• _Work request_
Your task is to reproduce exactly the lines that run from the beginning of the data through the line where "using transversal_is_letter by blast" appears.

Dataset entries

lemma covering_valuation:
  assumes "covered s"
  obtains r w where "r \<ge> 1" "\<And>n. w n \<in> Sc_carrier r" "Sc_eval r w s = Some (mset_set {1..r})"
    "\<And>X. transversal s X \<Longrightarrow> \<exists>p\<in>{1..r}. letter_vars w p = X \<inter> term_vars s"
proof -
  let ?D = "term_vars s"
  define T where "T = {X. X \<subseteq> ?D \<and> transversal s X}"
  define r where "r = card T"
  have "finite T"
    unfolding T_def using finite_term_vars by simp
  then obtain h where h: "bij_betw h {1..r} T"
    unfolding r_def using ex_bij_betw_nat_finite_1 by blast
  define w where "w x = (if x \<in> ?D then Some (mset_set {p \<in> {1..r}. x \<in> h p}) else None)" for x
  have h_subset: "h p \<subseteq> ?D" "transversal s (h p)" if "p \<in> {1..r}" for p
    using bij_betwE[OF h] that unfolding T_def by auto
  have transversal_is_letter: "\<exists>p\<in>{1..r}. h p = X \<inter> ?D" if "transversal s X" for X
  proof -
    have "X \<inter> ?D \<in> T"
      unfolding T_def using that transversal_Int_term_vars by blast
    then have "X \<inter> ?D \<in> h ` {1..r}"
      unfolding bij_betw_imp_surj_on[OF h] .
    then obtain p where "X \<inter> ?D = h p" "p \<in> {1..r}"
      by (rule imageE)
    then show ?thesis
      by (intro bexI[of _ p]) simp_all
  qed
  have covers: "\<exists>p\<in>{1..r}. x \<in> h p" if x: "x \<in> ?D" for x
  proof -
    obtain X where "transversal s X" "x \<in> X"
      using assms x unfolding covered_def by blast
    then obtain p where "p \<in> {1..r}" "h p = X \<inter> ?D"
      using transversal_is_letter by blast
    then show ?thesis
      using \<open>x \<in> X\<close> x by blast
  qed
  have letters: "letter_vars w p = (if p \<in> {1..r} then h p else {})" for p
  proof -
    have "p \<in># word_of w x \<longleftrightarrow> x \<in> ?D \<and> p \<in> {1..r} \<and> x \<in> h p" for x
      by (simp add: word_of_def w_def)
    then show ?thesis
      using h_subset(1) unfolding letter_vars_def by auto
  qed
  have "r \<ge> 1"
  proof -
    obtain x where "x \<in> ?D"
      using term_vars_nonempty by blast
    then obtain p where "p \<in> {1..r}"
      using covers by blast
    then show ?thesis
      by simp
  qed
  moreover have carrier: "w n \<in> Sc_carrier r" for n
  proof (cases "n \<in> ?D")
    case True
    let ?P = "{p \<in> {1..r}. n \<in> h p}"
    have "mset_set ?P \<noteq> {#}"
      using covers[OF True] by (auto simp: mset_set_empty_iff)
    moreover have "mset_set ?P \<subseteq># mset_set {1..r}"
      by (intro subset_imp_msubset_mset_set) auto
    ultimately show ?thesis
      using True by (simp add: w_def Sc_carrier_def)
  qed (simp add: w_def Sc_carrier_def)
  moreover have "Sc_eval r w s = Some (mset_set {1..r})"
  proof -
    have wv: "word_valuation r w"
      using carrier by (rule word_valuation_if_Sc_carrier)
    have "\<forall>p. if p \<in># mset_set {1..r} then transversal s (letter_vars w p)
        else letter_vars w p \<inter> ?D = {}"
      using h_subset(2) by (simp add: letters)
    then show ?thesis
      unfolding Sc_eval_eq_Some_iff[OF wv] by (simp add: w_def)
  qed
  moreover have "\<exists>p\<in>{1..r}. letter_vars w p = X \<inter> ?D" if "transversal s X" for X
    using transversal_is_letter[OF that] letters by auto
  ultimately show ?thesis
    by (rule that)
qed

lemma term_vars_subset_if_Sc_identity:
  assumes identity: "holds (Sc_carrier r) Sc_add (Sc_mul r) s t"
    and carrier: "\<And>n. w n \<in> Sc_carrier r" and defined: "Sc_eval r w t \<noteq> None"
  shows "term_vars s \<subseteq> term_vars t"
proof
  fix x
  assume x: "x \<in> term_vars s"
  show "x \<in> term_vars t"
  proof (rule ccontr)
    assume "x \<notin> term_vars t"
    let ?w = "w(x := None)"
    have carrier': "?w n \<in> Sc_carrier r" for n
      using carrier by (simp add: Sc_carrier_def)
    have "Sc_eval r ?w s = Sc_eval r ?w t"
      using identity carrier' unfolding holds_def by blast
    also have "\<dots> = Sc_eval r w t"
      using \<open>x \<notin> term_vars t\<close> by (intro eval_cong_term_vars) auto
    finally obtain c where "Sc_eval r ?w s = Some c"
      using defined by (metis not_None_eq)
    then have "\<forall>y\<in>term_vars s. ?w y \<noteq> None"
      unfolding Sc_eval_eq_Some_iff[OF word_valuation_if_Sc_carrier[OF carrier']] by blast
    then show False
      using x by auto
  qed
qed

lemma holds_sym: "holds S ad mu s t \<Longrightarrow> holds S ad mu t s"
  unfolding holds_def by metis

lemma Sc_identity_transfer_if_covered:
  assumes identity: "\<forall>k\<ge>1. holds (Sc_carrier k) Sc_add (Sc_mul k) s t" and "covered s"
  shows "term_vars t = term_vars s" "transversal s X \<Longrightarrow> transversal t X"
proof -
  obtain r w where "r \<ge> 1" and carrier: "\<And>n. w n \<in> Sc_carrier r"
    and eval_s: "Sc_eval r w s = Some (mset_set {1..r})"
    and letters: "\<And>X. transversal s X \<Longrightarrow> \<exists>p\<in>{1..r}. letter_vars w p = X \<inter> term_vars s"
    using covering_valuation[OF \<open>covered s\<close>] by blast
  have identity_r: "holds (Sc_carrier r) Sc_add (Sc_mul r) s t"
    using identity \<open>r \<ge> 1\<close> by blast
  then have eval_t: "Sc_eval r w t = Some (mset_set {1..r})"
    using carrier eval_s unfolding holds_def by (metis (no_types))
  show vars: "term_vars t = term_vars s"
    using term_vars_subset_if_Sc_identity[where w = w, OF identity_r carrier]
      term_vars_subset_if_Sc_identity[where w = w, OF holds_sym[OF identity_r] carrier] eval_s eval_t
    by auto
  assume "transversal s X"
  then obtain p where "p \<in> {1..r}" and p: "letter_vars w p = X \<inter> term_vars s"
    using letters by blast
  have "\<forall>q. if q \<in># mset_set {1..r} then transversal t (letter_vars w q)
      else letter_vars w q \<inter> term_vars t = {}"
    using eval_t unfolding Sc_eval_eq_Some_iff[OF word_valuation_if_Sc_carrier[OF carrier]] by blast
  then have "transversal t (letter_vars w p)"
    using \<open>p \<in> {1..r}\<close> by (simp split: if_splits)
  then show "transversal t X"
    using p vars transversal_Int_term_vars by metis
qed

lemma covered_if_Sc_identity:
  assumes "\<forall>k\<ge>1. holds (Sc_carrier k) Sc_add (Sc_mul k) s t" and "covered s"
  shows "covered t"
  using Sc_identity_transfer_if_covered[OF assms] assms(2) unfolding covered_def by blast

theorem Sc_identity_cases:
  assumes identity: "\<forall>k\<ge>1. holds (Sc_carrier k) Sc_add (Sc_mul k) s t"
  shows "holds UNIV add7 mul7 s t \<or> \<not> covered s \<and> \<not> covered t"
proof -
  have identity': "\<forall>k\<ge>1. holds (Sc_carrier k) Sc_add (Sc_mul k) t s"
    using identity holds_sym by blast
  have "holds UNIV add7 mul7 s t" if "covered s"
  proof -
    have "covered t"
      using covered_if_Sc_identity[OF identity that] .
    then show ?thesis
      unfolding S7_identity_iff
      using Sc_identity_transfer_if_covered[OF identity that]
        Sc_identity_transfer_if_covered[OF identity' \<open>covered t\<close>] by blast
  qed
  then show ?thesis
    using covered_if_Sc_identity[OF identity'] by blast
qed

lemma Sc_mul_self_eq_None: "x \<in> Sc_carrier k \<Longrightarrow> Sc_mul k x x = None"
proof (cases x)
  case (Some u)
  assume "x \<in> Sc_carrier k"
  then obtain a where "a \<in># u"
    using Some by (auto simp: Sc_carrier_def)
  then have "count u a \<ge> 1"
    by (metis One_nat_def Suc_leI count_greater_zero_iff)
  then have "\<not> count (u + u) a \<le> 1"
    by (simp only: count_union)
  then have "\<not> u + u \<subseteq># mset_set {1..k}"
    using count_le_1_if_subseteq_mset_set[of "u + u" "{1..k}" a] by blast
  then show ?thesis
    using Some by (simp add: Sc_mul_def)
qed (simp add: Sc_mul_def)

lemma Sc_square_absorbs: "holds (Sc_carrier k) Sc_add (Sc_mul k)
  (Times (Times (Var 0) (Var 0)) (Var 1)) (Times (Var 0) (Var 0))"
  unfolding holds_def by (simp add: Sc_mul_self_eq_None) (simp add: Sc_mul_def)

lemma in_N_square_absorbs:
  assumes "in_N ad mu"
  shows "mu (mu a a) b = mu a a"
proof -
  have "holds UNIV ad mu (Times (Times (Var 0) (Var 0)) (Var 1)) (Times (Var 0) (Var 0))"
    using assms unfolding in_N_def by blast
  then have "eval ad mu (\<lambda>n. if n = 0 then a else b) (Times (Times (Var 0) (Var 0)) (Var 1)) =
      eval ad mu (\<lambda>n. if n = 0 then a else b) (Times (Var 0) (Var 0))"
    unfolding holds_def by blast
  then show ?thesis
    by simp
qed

• _Exercise result_
lemma covering_valuation:
  assumes "covered s"
  obtains r w where "r \<ge> 1" "\<And>n. w n \<in> Sc_carrier r" "Sc_eval r w s = Some (mset_set {1..r})"
    "\<And>X. transversal s X \<Longrightarrow> \<exists>p\<in>{1..r}. letter_vars w p = X \<inter> term_vars s"
proof -
  let ?D = "term_vars s"
  define T where "T = {X. X \<subseteq> ?D \<and> transversal s X}"
  define r where "r = card T"
  have "finite T"
    unfolding T_def using finite_term_vars by simp
  then obtain h where h: "bij_betw h {1..r} T"
    unfolding r_def using ex_bij_betw_nat_finite_1 by blast
  define w where "w x = (if x \<in> ?D then Some (mset_set {p \<in> {1..r}. x \<in> h p}) else None)" for x
  have h_subset: "h p \<subseteq> ?D" "transversal s (h p)" if "p \<in> {1..r}" for p
    using bij_betwE[OF h] that unfolding T_def by auto
  have transversal_is_letter: "\<exists>p\<in>{1..r}. h p = X \<inter> ?D" if "transversal s X" for X
  proof -
    have "X \<inter> ?D \<in> T"
      unfolding T_def using that transversal_Int_term_vars by blast
    then have "X \<inter> ?D \<in> h ` {1..r}"
      unfolding bij_betw_imp_surj_on[OF h] .
    then obtain p where "X \<inter> ?D = h p" "p \<in> {1..r}"
      by (rule imageE)
    then show ?thesis
      by (intro bexI[of _ p]) simp_all
  qed
  have covers: "\<exists>p\<in>{1..r}. x \<in> h p" if x: "x \<in> ?D" for x
  proof -
    obtain X where "transversal s X" "x \<in> X"
      using assms x unfolding covered_def by blast
    then obtain p where "p \<in> {1..r}" "h p = X \<inter> ?D"
      using transversal_is_letter by blast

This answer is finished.